Give back exactly the line containing "k) = (\<lambda>k." together with all the lines after it, ending at the final line below.

- Opening Delimiter -

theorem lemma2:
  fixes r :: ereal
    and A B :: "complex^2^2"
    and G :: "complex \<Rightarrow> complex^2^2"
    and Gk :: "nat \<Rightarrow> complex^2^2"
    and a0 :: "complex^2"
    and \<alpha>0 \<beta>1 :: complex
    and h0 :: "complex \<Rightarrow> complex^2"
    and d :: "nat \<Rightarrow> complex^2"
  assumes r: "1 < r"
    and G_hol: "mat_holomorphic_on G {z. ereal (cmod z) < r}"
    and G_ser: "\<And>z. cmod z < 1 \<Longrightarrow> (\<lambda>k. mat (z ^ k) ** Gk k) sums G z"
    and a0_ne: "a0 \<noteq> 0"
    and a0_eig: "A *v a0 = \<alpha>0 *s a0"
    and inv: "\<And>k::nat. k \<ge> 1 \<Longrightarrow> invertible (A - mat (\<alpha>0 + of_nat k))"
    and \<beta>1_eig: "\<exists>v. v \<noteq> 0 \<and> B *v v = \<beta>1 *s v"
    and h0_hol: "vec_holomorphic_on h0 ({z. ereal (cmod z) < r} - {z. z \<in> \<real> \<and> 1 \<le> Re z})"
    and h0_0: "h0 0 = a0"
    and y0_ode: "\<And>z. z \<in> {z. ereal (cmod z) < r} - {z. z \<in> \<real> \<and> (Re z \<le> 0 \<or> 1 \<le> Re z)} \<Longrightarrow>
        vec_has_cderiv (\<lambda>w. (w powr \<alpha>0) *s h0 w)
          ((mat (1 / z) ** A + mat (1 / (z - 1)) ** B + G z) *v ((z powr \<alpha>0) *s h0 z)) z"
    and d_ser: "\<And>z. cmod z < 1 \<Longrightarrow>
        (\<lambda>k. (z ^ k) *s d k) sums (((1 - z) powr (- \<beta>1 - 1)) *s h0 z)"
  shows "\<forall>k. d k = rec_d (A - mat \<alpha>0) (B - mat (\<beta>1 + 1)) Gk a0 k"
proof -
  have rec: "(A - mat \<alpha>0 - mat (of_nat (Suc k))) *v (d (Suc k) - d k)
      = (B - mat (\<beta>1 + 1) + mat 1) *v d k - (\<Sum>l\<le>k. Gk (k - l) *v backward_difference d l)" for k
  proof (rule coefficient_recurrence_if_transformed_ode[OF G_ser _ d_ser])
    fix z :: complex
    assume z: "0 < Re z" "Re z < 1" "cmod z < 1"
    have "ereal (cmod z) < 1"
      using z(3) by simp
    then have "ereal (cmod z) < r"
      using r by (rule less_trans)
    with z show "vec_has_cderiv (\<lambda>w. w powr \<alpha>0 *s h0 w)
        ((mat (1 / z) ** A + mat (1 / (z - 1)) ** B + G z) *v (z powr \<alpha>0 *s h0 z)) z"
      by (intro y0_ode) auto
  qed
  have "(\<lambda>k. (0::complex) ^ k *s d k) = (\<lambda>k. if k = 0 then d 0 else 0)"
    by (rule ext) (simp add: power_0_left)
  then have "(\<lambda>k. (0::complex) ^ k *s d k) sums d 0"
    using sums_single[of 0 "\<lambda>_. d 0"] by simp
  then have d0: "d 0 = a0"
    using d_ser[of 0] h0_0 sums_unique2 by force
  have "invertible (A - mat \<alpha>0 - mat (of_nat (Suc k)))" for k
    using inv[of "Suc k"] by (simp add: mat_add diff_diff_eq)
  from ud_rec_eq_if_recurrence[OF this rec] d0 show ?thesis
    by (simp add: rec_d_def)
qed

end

- Closing Delimiter -

> Output:
  have "(\<lambda>k. (0::complex) ^ k *s d k) = (\<lambda>k. if k = 0 then d 0 else 0)"
    by (rule ext) (simp add: power_0_left)
  then have "(\<lambda>k. (0::complex) ^ k *s d k) sums d 0"
    using sums_single[of 0 "\<lambda>_. d 0"] by simp
  then have d0: "d 0 = a0"
    using d_ser[of 0] h0_0 sums_unique2 by force
  have "invertible (A - mat \<alpha>0 - mat (of_nat (Suc k)))" for k
    using inv[of "Suc k"] by (simp add: mat_add diff_diff_eq)
  from ud_rec_eq_if_recurrence[OF this rec] d0 show ?thesis
    by (simp add: rec_d_def)
qed

end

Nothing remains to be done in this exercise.